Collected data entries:
definition antipodal_intersecting :: "nat \<Rightarrow> (nat \<Rightarrow> pt) \<Rightarrow> bool" where
  "antipodal_intersecting n u \<longleftrightarrow>
     (\<exists>m m'. nonadjacent_edges n m m' \<and> edge n u m \<inter> uminus ` edge n u m' \<noteq> {})"

definition essential :: "nat \<Rightarrow> (nat \<Rightarrow> pt) \<Rightarrow> nat \<Rightarrow> bool" where
  "essential n u m \<longleftrightarrow> \<not> balanced (vertices n u - {u m})"

definition nonessential_vertices :: "nat \<Rightarrow> (nat \<Rightarrow> pt) \<Rightarrow> pt set" where
  "nonessential_vertices n u = {u m | m. m < n \<and> \<not> essential n u m}"

end

theory Submission
  imports Defs
begin

text \<open>
  Write \<open>a = u i\<close>, \<open>b = u j\<close>, \<open>c = u k\<close>, \<open>d = u l\<close> and \<open>V\<close> for the vertex set.
  Essentiality of \<open>a\<close> and \<open>b\<close> puts \<open>V - {a}\<close> and \<open>V - {b}\<close> into closed half-spaces,
  and the convex cone of a finite set in general position inside a closed half-space is
  pointed. Hence for \<open>y\<close> in the cone of the nonessential vertices, \<open>-y\<close> lies in neither of
  the cones of \<open>V - {a}\<close> and \<open>V - {b}\<close>; in particular \<open>-a\<close> and \<open>-b\<close> are not in the
  spherical hull. Since \<open>{a, b, c, d}\<close> is balanced, \<open>d = p a + q b + r c\<close> with
  \<open>p, q, r < 0\<close>, so every \<open>y\<close> is a nonnegative combination of \<open>-a, -b, -c, -d\<close> with one
  coefficient zero. A zero coefficient at \<open>-a\<close> or \<open>-b\<close> would put \<open>-y\<close> into one of the two
  pointed cones, so \<open>y\<close> lies in the triangle \<open>(-a, -b, -c)\<close> or \<open>(-a, -b, -d)\<close>.
\<close>

definition in_general_position :: "'a::euclidean_space set \<Rightarrow> bool" where
  "in_general_position S \<longleftrightarrow> (\<forall>T\<subseteq>S. finite T \<and> card T \<le> DIM('a) \<longrightarrow> independent T)"

lemma in_general_position_subset:
  "in_general_position S \<Longrightarrow> T \<subseteq> S \<Longrightarrow> in_general_position T"
  by (auto simp: in_general_position_def)

lemma sconv_eq_convex_cone_hull: "sconv S = {x. norm x = 1 \<and> x \<in> convex_cone hull S}"
proof -
  have "cone hull X = conic hull X" for X :: "pt set"
    by (metis cone_def conic_def)
  then show ?thesis
    by (auto simp: sconv_def convex_cone_hull_separate)
qed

(Goal of the exercise) A single figure is required: the number of lines in the data above in which the word "into" appears.

(Problem solution) 2